#### Your objective:
The records sit below. Return every line in them that holds the word "unique".

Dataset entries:
lemma smallo_seq_power_minus_dominant:
  fixes g :: "nat \<Rightarrow> real"
  assumes g: "\<And>n. 0 \<le> g n"
    and fixed: "\<pi> v* P = \<pi>" and wN: "w (CARD('n)) = \<pi>" and m: "m \<in> {1..<CARD('n)}"
    and others: "\<And>i. i \<in> {1..<CARD('n)} - {m} \<Longrightarrow> smallo_seq (\<lambda>n. w i v* matpow P n) g"
    and lead: "smallo_seq (\<lambda>n. w m v* matpow P n - a n *\<^sub>R v) g"
    and last: "smallo_seq (\<lambda>n. (bcoord w x (CARD('n)) - 1) *\<^sub>R \<pi>) g"
  shows "smallo_seq (\<lambda>n. x v* matpow P n - \<pi> - (bcoord w x m * a n) *\<^sub>R v) g"
proof -
  let ?c = "bcoord w x" and ?N = "CARD('n)"
  define A where "A = {1..<?N} - {m}"
  have split: "{1..?N} = insert ?N (insert m A)" and A: "finite A" "m \<notin> A" "?N \<notin> A" "?N \<noteq> m"
    using m by (auto simp: A_def)
  have "x v* matpow P n = (\<Sum>i\<in>{1..?N}. ?c i *\<^sub>R (w i v* matpow P n))" for n
    by (subst bcoord_expansion[OF rjb, of x]) (simp add: vector_matrix_mult_sum_left vector_matrix_mult_scaleR_left)
  also have "\<dots> n = ?c ?N *\<^sub>R \<pi> + ?c m *\<^sub>R (w m v* matpow P n) + (\<Sum>i\<in>A. ?c i *\<^sub>R (w i v* matpow P n))" for n
    unfolding split using A by (simp add: wN vector_matrix_mult_matpow_fixed[OF fixed] add.assoc)
  finally have "x v* matpow P n - \<pi> - (?c m * a n) *\<^sub>R v
      = ((?c ?N - 1) *\<^sub>R \<pi> + ?c m *\<^sub>R (w m v* matpow P n - a n *\<^sub>R v)) + (\<Sum>i\<in>A. ?c i *\<^sub>R (w i v* matpow P n))" for n
    by (simp add: algebra_simps)
  moreover have "smallo_seq (\<lambda>n. ((?c ?N - 1) *\<^sub>R \<pi> + ?c m *\<^sub>R (w m v* matpow P n - a n *\<^sub>R v))
      + (\<Sum>i\<in>A. ?c i *\<^sub>R (w i v* matpow P n))) g"
  proof (intro smallo_seq_add[OF g] last)
    show "smallo_seq (\<lambda>n. ?c m *\<^sub>R (w m v* matpow P n - a n *\<^sub>R v)) g"
      using lead by (rule smallo_seq_scaleR)
    show "smallo_seq (\<lambda>n. \<Sum>i\<in>A. ?c i *\<^sub>R (w i v* matpow P n)) g"
      using others by (intro smallo_seq_sum[OF g] smallo_seq_scaleR) (auto simp: A_def)
  qed
  ultimately show ?thesis by simp
qed

text \<open>The component of a probability vector along \<open>\<pi>\<close> is \<open>1\<close>, unless another basis vector has
  eigenvalue \<open>1\<close>; then \<open>\<mu> \<ge> 1\<close>, and the defect is swamped by the dominant growth.\<close>

lemma smallo_seq_stationary_defect:
  assumes P: "stochastic P" and st: "stationary_dist P \<pi>" and wN: "w (CARD('n)) = \<pi>"
    and x: "(\<Sum>j\<in>UNIV. x $ j) = 1"
    and below: "\<And>i. i \<in> {1..<CARD('n)} \<Longrightarrow> cmod (jlam bs i) \<le> \<mu>" and \<mu>: "0 < \<mu>"
    and rank: "\<mu> = 1 \<Longrightarrow> 0 < R"
  shows "smallo_seq (\<lambda>n. (bcoord w x (CARD('n)) - 1) *\<^sub>R \<pi>) (jordan_growth \<mu> R)"
proof (cases "\<exists>i\<in>{1..<CARD('n)}. jlam bs i = 1")
  case True
  then have "1 \<le> \<mu>" using below by fastforce
  have fixed: "\<pi> v* P = \<pi>" using st by (simp add: stationary_dist_def)
  have fixedN: "w (CARD('n)) v* P = w (CARD('n))" using fixed wN by simp
  have "1 < \<mu> \<or> 1 \<le> R" using \<open>1 \<le> \<mu>\<close> rank by (cases "\<mu> = 1") auto
  then have "smallo_seq (\<lambda>n. w (CARD('n)) v* matpow P n) (jordan_growth \<mu> R)"
    using fixed_last_basis_vector_jlam[OF rjb fixedN] fixed_last_basis_vector_jrank[OF rjb fixedN] \<open>1 \<le> \<mu>\<close>
    by (intro smallo_seq_basis_vector_power[OF rjb _ _ \<mu>]) auto
  then show ?thesis
    using smallo_seq_scaleR vector_matrix_mult_matpow_fixed[OF fixed] wN by simp
next
  case False
  then have "bcoord w x (CARD('n)) = 1"
    using bcoord_last_stochastic[OF rjb P wN, of x] x st by (auto simp: stationary_dist_def)
  then show ?thesis by (simp add: smallo_seq_def)
qed

lemma dominant_index:
  assumes st: "stationary_dist P \<pi>" and wN: "w (CARD('n)) = \<pi>" and two: "2 \<le> CARD('n)"
    and \<mu>_def: "\<mu> = Max ((\<lambda>i. cmod (jlam bs i)) ` {1..<CARD('n)})"
    and r_def: "r = Max (jrank P w bs ` {i \<in> {1..<CARD('n)}. cmod (jlam bs i) = \<mu>})"
    and dim: "dim (range (Pi_proj P w bs \<mu> r)) = 1"
  obtains m R where "m \<in> {1..<CARD('n)}" "Im (jlam bs m) = 0" "cmod (jlam bs m) = \<mu>"
    "jrank P w bs m = Suc R"
    "\<And>i. i \<in> {1..<CARD('n)} \<Longrightarrow> cmod (jlam bs i) \<le> \<mu>"
    "\<And>i. i \<in> {1..CARD('n)} - {m} \<Longrightarrow> cmod (jlam bs i) = \<mu> \<Longrightarrow> jrank P w bs i \<le> R"
    "\<And>v. Pi_proj P w bs \<mu> r v = bcoord w v m *\<^sub>R w m"
proof -
  let ?I = "{1..<CARD('n)}"
  define J where "J = {i \<in> ?I. cmod (jlam bs i) = \<mu>}"
  have I: "finite ?I" "?I \<noteq> {}" using two by auto
  have below: "cmod (jlam bs i) \<le> \<mu>" if "i \<in> ?I" for i
    unfolding \<mu>_def using I that by (intro Max_ge) auto
  have "\<mu> \<in> (\<lambda>i. cmod (jlam bs i)) ` ?I" unfolding \<mu>_def using I by (intro Max_in) auto
  then have J: "finite J" "J \<noteq> {}" by (auto simp: J_def)
  have r_ge: "jrank P w bs i \<le> r" if "i \<in> J" for i
    unfolding r_def J_def[symmetric] using J that by (intro Max_ge) auto
  have "r \<in> jrank P w bs ` J" unfolding r_def J_def[symmetric] using J by (intro Max_in) auto
  then obtain m0 where m0: "m0 \<in> J" "jrank P w bs m0 = r" by auto
  obtain m where m: "m \<in> {1..CARD('n)}" "cmod (jlam bs m) = \<mu>" "jrank P w bs m = r"
    and unique: "\<And>i. i \<in> {1..CARD('n)} \<Longrightarrow> cmod (jlam bs i) = \<mu> \<Longrightarrow> jrank P w bs i = r \<Longrightarrow> i = m"
    and proj: "\<And>v. Pi_proj P w bs \<mu> r v = bcoord w v m *\<^sub>R w m"
    using dim_Pi_proj_eq_1[OF rjb dim] by blast
  have "m0 = m" using m0 by (intro unique) (auto simp: J_def)
  then have mI: "m \<in> ?I" using m0 by (simp add: J_def)
  have real: "Im (jlam bs m) = 0"
    by (rule unique_index_real_eigenvalue[OF rjb m(1)], rule unique) (simp_all add: m(2,3))
  obtain R where R: "r = Suc R" using jrank_pos[OF rjb m(1)] m(3) by (cases r) auto
  have "jrank P w bs i \<le> R" if i: "i \<in> {1..CARD('n)} - {m}" "cmod (jlam bs i) = \<mu>" for i
  proof -
    have "jrank P w bs i \<le> r"
    proof (cases "i = CARD('n)")
      case True
      have "w (CARD('n)) v* P = w (CARD('n))" using st wN by (simp add: stationary_dist_def)
      from fixed_last_basis_vector_jrank[OF rjb this] show ?thesis using True R by simp
    next
      case False
      then show ?thesis using i by (intro r_ge) (auto simp: J_def)
    qed
    moreover have "jrank P w bs i \<noteq> r"
    proof
      assume "jrank P w bs i = r"
      then have "i = m" using i by (intro unique) auto
      then show False using i by simp
    qed
    ultimately show ?thesis using R by simp
  qed
  then show ?thesis using that[OF mI real m(2) m(3)[unfolded R] below] proj by blast
qed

#### Problem solution:
    and unique: "\<And>i. i \<in> {1..CARD('n)} \<Longrightarrow> cmod (jlam bs i) = \<mu> \<Longrightarrow> jrank P w bs i = r \<Longrightarrow> i = m"
  have "m0 = m" using m0 by (intro unique) (auto simp: J_def)
    by (rule unique_index_real_eigenvalue[OF rjb m(1)], rule unique) (simp_all add: m(2,3))
      then have "i = m" using i by (intro unique) auto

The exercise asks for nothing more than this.